*** Information provided

lemma log_bounded_mangoldt_cube_plus_2: "log_bounded (\<lambda>m. mangoldt (m ^ 3 + 2)) 3"
  by unfold_locales (simp_all only: mangoldt_nonneg mangoldt_cube_plus_2_le)

lemma a3_eq_density_constant: "a3 = density_constant (\<lambda>m. mangoldt (m ^ 3 + 2))"
  by (simp only: a3_def density_constant_def density_term_def[abs_def])

section \<open>Primality certificates and logarithm bounds\<close>

fun no_divisor_upto :: "nat \<Rightarrow> nat \<Rightarrow> bool" where
  "no_divisor_upto n 0 = True"
| "no_divisor_upto n (Suc k) = ((Suc k \<le> 1 \<or> n mod Suc k \<noteq> 0) \<and> no_divisor_upto n k)"

lemma no_divisor_upto_numeral:
  "no_divisor_upto n (numeral k) = ((numeral k \<le> (1::nat) \<or> n mod numeral k \<noteq> 0) \<and> no_divisor_upto n (numeral k - 1))"
  by (metis no_divisor_upto.simps(2) Suc_pred' diff_Suc_1 zero_less_numeral)

lemma no_divisor_upto_one: "no_divisor_upto n 1"
  by (simp add: One_nat_def)

lemma not_dvd_if_no_divisor_upto:
  "no_divisor_upto n k \<Longrightarrow> 2 \<le> d \<Longrightarrow> d \<le> k \<Longrightarrow> \<not> d dvd n"
  by (induction n k rule: no_divisor_upto.induct) (auto simp: le_Suc_eq)

lemma prime_if_no_divisor_upto:
  assumes "no_divisor_upto n k" "n < (Suc k)\<^sup>2" "2 \<le> n"
  shows "prime n"
proof -
  have "\<not> p dvd n" if "prime p" "p\<^sup>2 \<le> n" for p
  proof -
    have "p\<^sup>2 < (Suc k)\<^sup>2"
      using that(2) assms(2) by linarith
    then have "p \<le> k"
      using power_less_imp_less_base by fastforce
    then show ?thesis
      using not_dvd_if_no_divisor_upto[OF assms(1)] prime_ge_2_nat[OF that(1)] by blast
  qed
  then show ?thesis
    using assms(3) by (subst prime_prime_factor_sqrt) auto
qed

lemma ln_ge_if_inverse_le_exp_taylor:
  fixes a x :: real
  assumes "0 < x" "1 / x \<le> (\<Sum>m<2 * k. (- a) ^ m / fact m)"
  shows "a \<le> ln x"
proof -
  obtain t where t: "exp (- a) = (\<Sum>m<2 * k. (- a) ^ m / fact m) + exp t / fact (2 * k) * (- a) ^ (2 * k)"
    using Maclaurin_exp_le[of "- a" "2 * k"] by blast
  have "0 \<le> exp t / fact (2 * k) * (- a) ^ (2 * k)"
    by (simp add: power_mult)
  then have "1 / x \<le> exp (- a)"
    using t assms(2) by linarith
  then have "1 / x \<le> 1 / exp a"
    by (simp add: exp_minus inverse_eq_divide)
  then have "exp a \<le> x"
    using assms(1) by (simp add: divide_simps)
  then show ?thesis
    using assms(1) by (metis exp_le_cancel_iff exp_ln)
qed

lemma ln_2_ge: "6931 / 10000 \<le> ln (2::real)"
  by (rule ln_ge_if_inverse_le_exp_taylor[where k = 6]) (simp_all add: eval_nat_numeral)

lemma ln_3_ge: "10986 / 10000 \<le> ln (3::real)"
  by (rule ln_ge_if_inverse_le_exp_taylor[where k = 6]) (simp_all add: eval_nat_numeral)

lemma ln_ge_one_minus_inverse: "0 < x \<Longrightarrow> 1 - 1 / x \<le> ln (x::real)"
  using ln_le_minus_one[of "1 / x"] by (simp add: ln_div)

lemma ln_pow2_pow3_mult_ge:
  fixes y :: real
  assumes "0 < y"
  shows "real a * ln 2 + real b * ln 3 + (1 - 1 / y) \<le> ln (2 ^ a * 3 ^ b * y)"
  using ln_ge_one_minus_inverse[OF assms] assms by (simp add: ln_mult ln_realpow)

lemma prime_3: "prime (3::nat)"
  by (rule prime_if_no_divisor_upto[where k = 2]) (simp_all add: no_divisor_upto_numeral no_divisor_upto_one)

lemma prime_29: "prime (29::nat)"
  by (rule prime_if_no_divisor_upto[where k = 5]) (simp_all add: no_divisor_upto_numeral no_divisor_upto_one)

lemma prime_127: "prime (127::nat)"
  by (rule prime_if_no_divisor_upto[where k = 11]) (simp_all add: no_divisor_upto_numeral no_divisor_upto_one)

lemma prime_24391: "prime (24391::nat)"
  by (rule prime_if_no_divisor_upto[where k = 156]) (simp_all add: no_divisor_upto_numeral no_divisor_upto_one)

lemma prime_91127: "prime (91127::nat)"
  by (rule prime_if_no_divisor_upto[where k = 301]) (simp_all add: no_divisor_upto_numeral no_divisor_upto_one)

lemma a3_ge: "1.002998 \<le> a3"
proof -
  let ?g = "density_term (\<lambda>m. mangoldt (m ^ 3 + 2))"
  interpret log_bounded "\<lambda>m. mangoldt (m ^ 3 + 2)" 3
    by (rule log_bounded_mangoldt_cube_plus_2)
  have sample_terms: "?g 0 = ln 3 / 2" "?g 2 = ln 29 / 12" "?g 4 = ln 127 / 30"
    "?g 28 = ln 24391 / 870" "?g 44 = ln 91127 / 2070"
    using prime_3 prime_29 prime_127 prime_24391 prime_91127
    \<comment> \<open>otherwise simp decides primality of numerals by trial division up to the number itself\<close>
    by (simp_all add: density_term_def flip: numeral_3_eq_3 del: prime_nat_numeral_eq)
  have "?g 0 + ?g 2 + ?g 4 + ?g 28 + ?g 44 = (\<Sum>n\<in>{0, 2, 4, 28, 44}. ?g n)"
    by simp
  also have "\<dots> \<le> a3"
    unfolding a3_eq_density_constant density_constant_def
    using summable_density_term density_term_nonneg by (intro sum_le_suminf) auto
  finally have "ln 3 / 2 + ln 29 / 12 + ln 127 / 30 + ln 24391 / 870 + ln 91127 / 2070 \<le> a3"
    unfolding sample_terms .
  moreover have "3 * ln 3 + (1 - 27 / 29) \<le> ln (29::real)"
    using ln_pow2_pow3_mult_ge[of "29/27" 0 3] by simp
  moreover have "7 * ln 2 + (1 - 128 / 127) \<le> ln (127::real)"
    using ln_pow2_pow3_mult_ge[of "127/128" 7 0] by simp
  moreover have "13 * ln 2 + ln 3 + (1 - 24576 / 24391) \<le> ln (24391::real)"
    using ln_pow2_pow3_mult_ge[of "24391/24576" 13 1] by simp
  moreover have "7 * ln 2 + 6 * ln 3 + (1 - 93312 / 91127) \<le> ln (91127::real)"
    using ln_pow2_pow3_mult_ge[of "91127/93312" 7 6] by simp
  moreover have "(1.002998::real) = 1002998 / 1000000"
    by simp
  ultimately show ?thesis
    using ln_2_ge ln_3_ge by linarith
qed

theorem theorem1p4:
  shows "summable (\<lambda>n. mangoldt (Suc n ^ 3 + 2) / (real (Suc n) * real (Suc n + 1)) :: real)
     \<and> a3 \<ge> 1.002998
     \<and> (\<forall>\<epsilon>::real. \<epsilon> > 0 \<longrightarrow>
          (\<lambda>x::real. (\<Sum>n\<in>{1..nat \<lfloor>x\<rfloor>}. (mangoldt (nat \<lfloor>x / real n\<rfloor> ^ 3 + 2) :: real)) - a3 * x)
          \<in> O[at_top](\<lambda>x. x powr ((2 + \<epsilon>) / 3) * (ln x) ^ 2))"
proof -
  interpret log_bounded "\<lambda>m. mangoldt (m ^ 3 + 2)" 3
    by (rule log_bounded_mangoldt_cube_plus_2)
  have "summable (\<lambda>n. mangoldt (Suc n ^ 3 + 2) / (real (Suc n) * real (Suc n + 1)) :: real)"
    using summable_density_term unfolding density_term_def .
  moreover have "(\<lambda>x. sqrt x * ln x) \<in> O(\<lambda>x. x powr ((2 + \<epsilon>) / 3) * ln x ^ 2)" if "\<epsilon> > 0" for \<epsilon> :: real
    using that by real_asymp
  ultimately show ?thesis
    using a3_ge sum_floor_divide_bigo unfolding a3_eq_density_constant
    by (blast intro: landau_o.big_trans)
qed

******

## Your assignment
Total the lines of the data that include the word "then", and give that total as the sole response.

## Exercise result
7